ResAD: Normalized Residual Trajectory Modeling for End-to-End Autonomous Driving
This addresses a fundamental optimization challenge in autonomous driving systems, offering a novel method to improve trajectory prediction and safety, though it is incremental in refining existing approaches.
The paper tackles the spatio-temporal imbalance in end-to-end autonomous driving trajectory data, which leads to suboptimal learning and safety issues, by proposing ResAD, a framework that predicts residual deviations from an inertial reference and uses point-wise normalization, achieving a state-of-the-art PDMS of 88.6 on the NAVSIM benchmark.
End-to-end autonomous driving (E2EAD) systems, which learn to predict future trajectories directly from sensor data, are fundamentally challenged by the inherent spatio-temporal imbalance of trajectory data.
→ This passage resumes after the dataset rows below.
(* Let $n\geq 2$, $m\geq 1$, $r\geq 4$ be integers and let $\alpha$ be an integer with $1\leq\alpha<(m+1)^n$. Then $\Gamma_n^{\alpha,r}$ is homotopy equivalent to the induced subcomplex of $\Gamma_n^{\alpha,r}$ on the vertex set $\{x\in V(\Gamma_n^{\alpha,r}) : |x_i|<\lfloor r/2\rfloor \text{ and } |x_j|+|x_k|\leq\lceil r/2\rceil \text{ for all } i,j,k\in[n],\ j\neq k\}$.
   Context: $[n]=\{1,\ldots,n\}$. $\mathbb{Z}^n$ carries the Manhattan metric $d(x,y)=\sum_i|x_i-y_i|$; for $X\subseteq\mathbb{Z}^n$, $\mathrm{VR}(X;r)$ is the simplicial complex on $X$ whose simplices are finite subsets of diameter at most $r$. Let $\prec$ be the anti-lexicographic order on $\mathbb{Z}^n$: $x\prec y$ iff at the largest index $i$ with $x_i\neq y_i$ one has $x_i<y_i$. Let $V_m=\{0,\ldots,m\}^n$. Let $H$ be $V_m$ with its first $\alpha$ elements (with respect to $\prec$) removed, $\delta$ the $\prec$-least element of $H$, and $Y=\{x-\delta: x\in H\}$ (so $\mathbf{0}$ is the least element of $Y$). Then $\Gamma_n^{\alpha,r}$ is the link of $\mathbf{0}$ in $\mathrm{VR}(Y;r)$, i.e. the complex of simplices $\tau$ of $\mathrm{VR}(Y;r)$ with $\mathbf{0}\notin\tau$ and $\tau\cup\{\mathbf{0}\}\in\mathrm{VR}(Y;r)$. The induced subcomplex of $K$ on a vertex set $W$ consists of the simplices of $K$ contained in $W$. *)

theory Defs
  imports "HOL-Analysis.Analysis"
begin

text \<open>Points of Z^n are integer lists of length n; coordinate i of [n] is list index i-1.\<close>

definition manhattan :: "int list \<Rightarrow> int list \<Rightarrow> int" where
  "manhattan x y = (\<Sum>i<length x. \<bar>x ! i - y ! i\<bar>)"
lemma valued_subring_if_int_closure_dvr:
  assumes subring: "is_subring R" and dvr: "normalized_dvr_valuation v (int_closure R)"
    and residually_rational: "\<forall>z\<in>int_closure R. \<exists>a\<in>R. z - a = 0 \<or> 0 < v (z - a)"
  shows "valued_subring R v"
proof
  have closure: "int_closure R = {z. z = 0 \<or> 0 \<le> v z}"
    using dvr by (simp add: normalized_dvr_valuation_def)
  show "0 \<le> v a" if "a \<in> R" "a \<noteq> 0" for a
    using that subring_subset_int_closure[OF subring] closure by auto
  show "\<exists>a\<in>R. z - a = 0 \<or> 0 < v (z - a)" if "z \<noteq> 0" "0 \<le> v z" for z
    using that residually_rational closure by auto
qed (use assms in \<open>auto simp: normalized_dvr_valuation_def\<close>)

locale conductor_subring = valued_subring +
  fixes c :: int
  assumes conductor_subset: "val_ge c \<subseteq> R"
begin

lemma subset_if_value_set_subset:
  assumes N: "rsubmod R N" and M: "rsubmod R M" and "N \<subseteq> M" and "val_ge c \<subseteq> N"
    and "value_set v M \<subseteq> value_set v N"
  shows "M \<subseteq> N"
proof (rule subset_by_value_approximation[OF N M, where T = c])
  fix w assume "w \<noteq> 0" "c \<le> v w" then show "w \<in> N" using assms(4) by (auto simp: val_ge_def)
next
  fix w assume "w \<in> M" "w \<noteq> 0"
  then have "v w \<in> value_set v N" using assms(5) by (auto simp: value_set_def)
  then show "\<exists>n\<in>N \<inter> M. n \<noteq> 0 \<and> v n = v w" using assms(3) by (auto simp: value_set_def)
qed

lemma value_gap_subset:
  assumes "val_ge c \<subseteq> N" and bound: "\<And>w. w \<in> M \<Longrightarrow> w \<noteq> 0 \<Longrightarrow> L \<le> v w"
  shows "value_set v M - value_set v N \<subseteq> {L..<c}"
proof
  fix g assume "g \<in> value_set v M - value_set v N"
  then obtain w where w: "w \<in> M" "w \<noteq> 0" "v w = g" "g \<notin> value_set v N"
    by (auto simp: value_set_def)
  then have "w \<notin> N" by (auto simp: value_set_def)
  have "g < c"
  proof (rule ccontr)
    assume "\<not> g < c"
    then have "w \<in> val_ge c" using w by (simp add: val_ge_def)
    then show False using assms(1) \<open>w \<notin> N\<close> by blast
  qed
  then show "g \<in> {L..<c}" using bound w by auto
qed

lemma finite_value_gap:
  assumes "val_ge c \<subseteq> N" and "\<And>w. w \<in> M \<Longrightarrow> w \<noteq> 0 \<Longrightarrow> L \<le> v w"
  shows "finite (value_set v M - value_set v N)"
  using finite_subset[OF value_gap_subset[OF assms]] by simp

lemma chain_length_le_value_gap:
  assumes N: "val_ge c \<subseteq> N" and bound: "\<And>w. w \<in> M \<Longrightarrow> w \<noteq> 0 \<Longrightarrow> L \<le> v w"
    and f: "f 0 = N" "f n = M" "\<forall>i\<le>n. rsubmod R (f i)" "\<forall>i<n. f i \<subset> f (Suc i)"
  shows "n \<le> card (value_set v M - value_set v N)"
proof -
  let ?gap = "\<lambda>A. value_set v A - value_set v N"
  have fin: "finite (?gap M)" using finite_value_gap[OF N bound] .
  have mono: "f i \<subseteq> f j" if "i \<le> j" "j \<le> n" for i j
    using that
  proof (induction j)
    case (Suc j)
    show ?case
    proof (cases "i = Suc j")
      case False
      then have "f i \<subseteq> f j" using Suc by simp
      also have "f j \<subseteq> f (Suc j)" using f(4)[rule_format, of j] Suc.prems by auto
      finally show ?thesis .
    qed simp
  qed simp
  have "i \<le> card (?gap (f i))" if "i \<le> n" for i
    using that
  proof (induction i)
    case (Suc i)
    have step: "f i \<subset> f (Suc i)" using f(4) Suc by simp
    have Ni: "N \<subseteq> f i" using mono[of 0 i] f Suc by simp
    have "\<not> value_set v (f (Suc i)) \<subseteq> value_set v (f i)"
      using subset_if_value_set_subset[of "f i" "f (Suc i)"] f(3) Suc step Ni N by auto
    then have "?gap (f i) \<subset> ?gap (f (Suc i))"
      using value_set_mono[of "f i" "f (Suc i)" v] value_set_mono[OF Ni, of v] step by blast
    moreover have "finite (?gap (f (Suc i)))"
      using value_set_mono[OF mono[of "Suc i" n], of v] f(2) Suc.prems fin by (metis Diff_mono finite_subset order_refl)
    ultimately have "card (?gap (f i)) < card (?gap (f (Suc i)))" by (rule psubset_card_mono[rotated])
    then show ?case using Suc by simp
  qed simp
  then show ?thesis using f(2) by (metis order_refl)
qed

lemma submodule_adding_max_missing_value:
  assumes N: "rsubmod R N" and M: "rsubmod R M" and NM: "N \<subseteq> M"
    and g: "g \<in> value_set v M - value_set v N"
    and gmax: "\<And>d. d \<in> value_set v M - value_set v N \<Longrightarrow> d \<le> g"
  defines "N' \<equiv> {a + b | a b. a \<in> N \<and> b \<in> M \<inter> val_ge g}"
  shows "rsubmod R N'" "N \<subseteq> N'" "N' \<subseteq> M" "value_set v N' = insert g (value_set v N)"
proof -
  show "rsubmod R N'" unfolding N'_def by (rule rsubmod_sum[OF N rsubmod_Int[OF M rsubmod_val_ge]])
  have zero: "0 \<in> N" "0 \<in> M \<inter> val_ge g" using N M unfolding rsubmod_def val_ge_def by auto
  show NN': "N \<subseteq> N'"
  proof
    fix a assume "a \<in> N"
    then have "a + 0 \<in> N'" using zero unfolding N'_def by blast
    then show "a \<in> N'" by simp
  qed
  show N'M: "N' \<subseteq> M" using NM M unfolding N'_def rsubmod_def by blast
  show "value_set v N' = insert g (value_set v N)"
  proof
    obtain w where "w \<in> M - {0}" "g = v w" using g unfolding value_set_def by blast
    moreover have "w \<in> M \<inter> val_ge g" using \<open>w \<in> M - {0}\<close> \<open>g = v w\<close> by (simp add: val_ge_def)
    then have "0 + w \<in> N'" using zero unfolding N'_def by blast
    ultimately have "g \<in> value_set v N'" unfolding value_set_def by auto
    then show "insert g (value_set v N) \<subseteq> value_set v N'" using value_set_mono[OF NN'] by blast
  next
    have "N' \<subseteq> {a + b | a b. a \<in> N \<and> b \<in> val_ge g}" unfolding N'_def by blast
    then have "value_set v N' \<subseteq> value_set v N \<union> {g..}"
      using value_set_sum_val_ge value_set_mono by blast
    moreover have "value_set v N' \<subseteq> value_set v M" using value_set_mono[OF N'M] .
    ultimately show "value_set v N' \<subseteq> insert g (value_set v N)" using gmax by fastforce
  qed
qed
(* Let $q$ be a prime. Let $c, k, M$ be positive integers with $c < M < q$, and let $A(X) \in \mathbb{F}_q[X]$ be a nonzero polynomial with $\deg(A) < cq$ and $\mathsf{pdeg}(A) < k$. Then $$\left|\{\alpha \in \mathbb{F}_q : \mathsf{mult}(A, \alpha) \geq M\}\right| \leq \min\left( \frac{c}{M - c + 1}\cdot k + c,\; k\right).$$
   Context: For $A(X) \in \mathbb{F}_q[X]$, $A^{[\ell]}(X)$ is the $\ell$-th Hasse derivative (the coefficient of $Z^\ell$ in $A(X+Z)$ expanded in powers of $Z$). With $\Lambda(X) = X^q - X$, the $\ell$-th pseudoderivative is $A_{\langle \ell \rangle}(X) = A^{[\ell]}(X) \bmod \Lambda(X)$, and the pseudodegree is $\mathsf{pdeg}(A) = \max_{\ell \geq 0}\deg(A_{\langle \ell\rangle})$. For nonzero $A$ and $\alpha \in \mathbb{F}_q$, $\mathsf{mult}(A,\alpha)$ is the largest $r$ such that $(X-\alpha)^r$ divides $A(X)$. *)

theory Defs
  imports "HOL-Computational_Algebra.Polynomial"
begin

text \<open>The l-th Hasse derivative: the coefficient of Z^l in A(X+Z), where A(X+Z) is
  viewed as a polynomial in Z with coefficients in F[X].\<close>
definition hasse_deriv :: "nat \<Rightarrow> 'a::comm_ring_1 poly \<Rightarrow> 'a poly" where
  "hasse_deriv l A = coeff (pcompose (map_poly (\<lambda>a. [:a:]) A) [:[:0, 1:], 1:]) l"

definition Lam :: "nat \<Rightarrow> 'a::comm_ring_1 poly" where
  "Lam q = monom 1 q - [:0, 1:]"

definition pseudo_deriv :: "nat \<Rightarrow> nat \<Rightarrow> 'a::field poly \<Rightarrow> 'a poly" where
  "pseudo_deriv q l A = hasse_deriv l A mod Lam q"

definition pdeg :: "nat \<Rightarrow> 'a::field poly \<Rightarrow> nat" where
  "pdeg q A = Max (range (\<lambda>l. degree (pseudo_deriv q l A)))"

end

theory Submission
  imports Defs "HOL-Computational_Algebra.Primes" "Jordan_Normal_Form.Determinant"
begin
(* Let $p, p' > 1$ be real numbers with $\frac{1}{p}+\frac{1}{p'}=1$, and let $\mu,\nu$ be probability distributions on $S$ with $\nu(s)>0$ for all $s\in S$. For every joint stationary strategy $\boldsymbol{\pi}=(\pi^i,\boldsymbol\pi^{-i})$, every player $i\in\{1,\dots,N\}$ and every $v^i:S\to\mathbb{R}$, letting $\pi^i_*$ be a stationary best response of player $i$ to $\boldsymbol\pi^{-i}$ (i.e. $v^i_{\pi^i_*,\boldsymbol\pi^{-i}}=v^{*i}_{\boldsymbol\pi^{-i}}$, the fixed point of $\mathcal T^{*i}_{\boldsymbol\pi^{-i}}$), $$\big\|v^i_{\pi^i_*,\boldsymbol\pi^{-i}}-v^i_{\pi^i,\boldsymbol\pi^{-i}}\big\|_{\mu,p}\le \frac{1}{1-\gamma}\Big(C_\infty(\mu,\nu,(\pi^i_*,\boldsymbol\pi^{-i}))^{p'/p}+C_\infty(\mu,\nu,(\pi^i,\boldsymbol\pi^{-i}))^{p'/p}\Big)^{1/p'}\Big[\big\|\mathcal T^{*i}_{\boldsymbol\pi^{-i}}v^i-v^i\big\|_{\nu,p}^p+\big\|\mathcal T^i_{\boldsymbol\pi}v^i-v^i\big\|_{\nu,p}^p\Big]^{1/p}.$$
   Context: An $N$-player Markov game has a finite state space $S$, finite nonempty action sets $A^i(s)$ for each player $i\in\{1,\dots,N\}$ and state $s$, rewards $r^i(s,\mathbf a)\in\mathbb{R}$ for joint actions $\mathbf a=(a^1,\dots,a^N)$, a transition kernel $p(s'|s,\mathbf a)$, and a discount factor $\gamma\in[0,1)$. We write $\mathbf a=(a^i,\mathbf a^{-i})$ where $\mathbf a^{-i}$ is the joint action of all players other than $i$. A stationary strategy $\pi^i$ of player $i$ assigns to each $s$ a probability distribution $\pi^i(\cdot|s)$ on $A^i(s)$; a joint strategy is $\boldsymbol\pi=(\pi^1,\dots,\pi^N)=(\pi^i,\boldsymbol\pi^{-i})$, with actions drawn independently across players. Define $\mathcal P_{\boldsymbol\pi}(s'|s)=E_{\mathbf a\sim\boldsymbol\pi(\cdot|s)}[p(s'|s,\mathbf a)]$, $r^i_{\boldsymbol\pi}(s)=E_{\mathbf a\sim\boldsymbol\pi(\cdot|s)}[r^i(s,\mathbf a)]$, $\mathcal P_{\boldsymbol\pi^{-i}}(s'|s,a^i)=E_{\mathbf a^{-i}\sim\boldsymbol\pi^{-i}(\cdot|s)}[p(s'|s,a^i,\mathbf a^{-i})]$, $r^i_{\boldsymbol\pi^{-i}}(s,a^i)=E_{\mathbf a^{-i}\sim\boldsymbol\pi^{-i}(\cdot|s)}[r^i(s,a^i,\mathbf a^{-i})]$. The value of $\boldsymbol\pi$ for player $i$ is $v^i_{\boldsymbol\pi}=(\mathcal I-\gamma\mathcal P_{\boldsymbol\pi})^{-1}r^i_{\boldsymbol\pi}$ (vectors/matrices indexed by $S$, $\mathcal I$ the identity). The best-response value is $v^{*i}_{\boldsymbol\pi^{-i}}=\max_{\tilde\pi^i} v^i_{\tilde\pi^i,\boldsymbol\pi^{-i}}$ (pointwise maximum over stationary strategies of player $i$). For $v:S\to\mathbb R$, the Bellman operators are $\mathcal T^i_{\boldsymbol\pi}v(s)=r^i_{\boldsymbol\pi}(s)+\gamma\sum_{s'}\mathcal P_{\boldsymbol\pi}(s'|s)v(s')$ and $\mathcal T^{*i}_{\boldsymbol\pi^{-i}}v(s)=\max_{a^i\in A^i(s)}\big[r^i_{\boldsymbol\pi^{-i}}(s,a^i)+\gamma\sum_{s'}\mathcal P_{\boldsymbol\pi^{-i}}(s'|s,a^i)v(s')\big]$. For a distribution $\mu$ on $S$ and $f:S\to\mathbb R$, $\|f\|_{\mu,p}=(\sum_{s}\mu(s)|f(s)|^p)^{1/p}$. The concentrability coefficient of a joint strategy $\boldsymbol\pi$ is $C_\infty(\mu,\nu,\boldsymbol\pi)=\max_{s\in S}\frac{[(1-\gamma)\mu^T(\mathcal I-\gamma\mathcal P_{\boldsymbol\pi})^{-1}](s)}{\nu(s)}$ (the sup-norm of the Radon–Nikodym derivative of the distribution $(1-\gamma)\mu^T(\mathcal I-\gamma\mathcal P_{\boldsymbol\pi})^{-1}$ with respect to $\nu$). *)

theory Defs
  imports "HOL-Analysis.Analysis" "HOL-Probability.Product_PMF"
begin

(* Players: finite type 'p; states: finite type 's; actions: type 'a with
   per-player, per-state action sets A i s.
   A joint strategy: 'p => 's => 'a pmf; actions are drawn independently. *)

definition strategy :: "('p \<Rightarrow> 's \<Rightarrow> 'a set) \<Rightarrow> 'p \<Rightarrow> ('s \<Rightarrow> 'a pmf) \<Rightarrow> bool" where
  "strategy A i \<sigma> \<longleftrightarrow> (\<forall>s. set_pmf (\<sigma> s) \<subseteq> A i s)"

definition joint_strategy :: "('p \<Rightarrow> 's \<Rightarrow> 'a set) \<Rightarrow> ('p \<Rightarrow> 's \<Rightarrow> 'a pmf) \<Rightarrow> bool" where
  "joint_strategy A \<pi> \<longleftrightarrow> (\<forall>i. strategy A i (\<pi> i))"

definition joint :: "('p::finite \<Rightarrow> 's \<Rightarrow> 'a pmf) \<Rightarrow> 's \<Rightarrow> ('p \<Rightarrow> 'a) pmf" where
  "joint \<pi> s = Pi_pmf UNIV undefined (\<lambda>j. \<pi> j s)"

definition Pmat :: "('s::finite \<Rightarrow> ('p::finite \<Rightarrow> 'a) \<Rightarrow> 's pmf) \<Rightarrow> ('p \<Rightarrow> 's \<Rightarrow> 'a pmf) \<Rightarrow> real^'s^'s" where
  "Pmat K \<pi> = (\<chi> s s'. measure_pmf.expectation (joint \<pi> s) (\<lambda>a. pmf (K s a) s'))"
This imbalance creates a significant optimization burden, causing models to learn spurious correlations instead of causal inference, while also prioritizing uncertain, distant predictions, thereby compromising immediate safety. To address these issues, we propose ResAD, a novel Normalized Residual Trajectory Modeling framework. Instead of predicting the future trajectory directly, our approach reframes the learning task to predict the residual deviation from a deterministic inertial reference. The inertial reference serves as a counterfactual, forcing the model to move beyond simple pattern recognition and instead identify the underlying causal factors (e.g., traffic rules, obstacles) that necessitate deviations from a default, inertially-guided path. To deal with the optimization imbalance caused by uncertain, long-term horizons, ResAD further incorporates Point-wise Normalization of the predicted residual. It re-weights the optimization objective, preventing large-magnitude errors associated with distant, uncertain waypoints from dominating the learning signal. Extensive experiments validate the effectiveness of our framework. On the NAVSIM benchmark, ResAD achieves a state-of-the-art PDMS of 88.6 using a vanilla diffusion policy with only two denoising steps, demonstrating that our approach significantly simplifies the learning task and improves model performance. The code will be released to facilitate further research.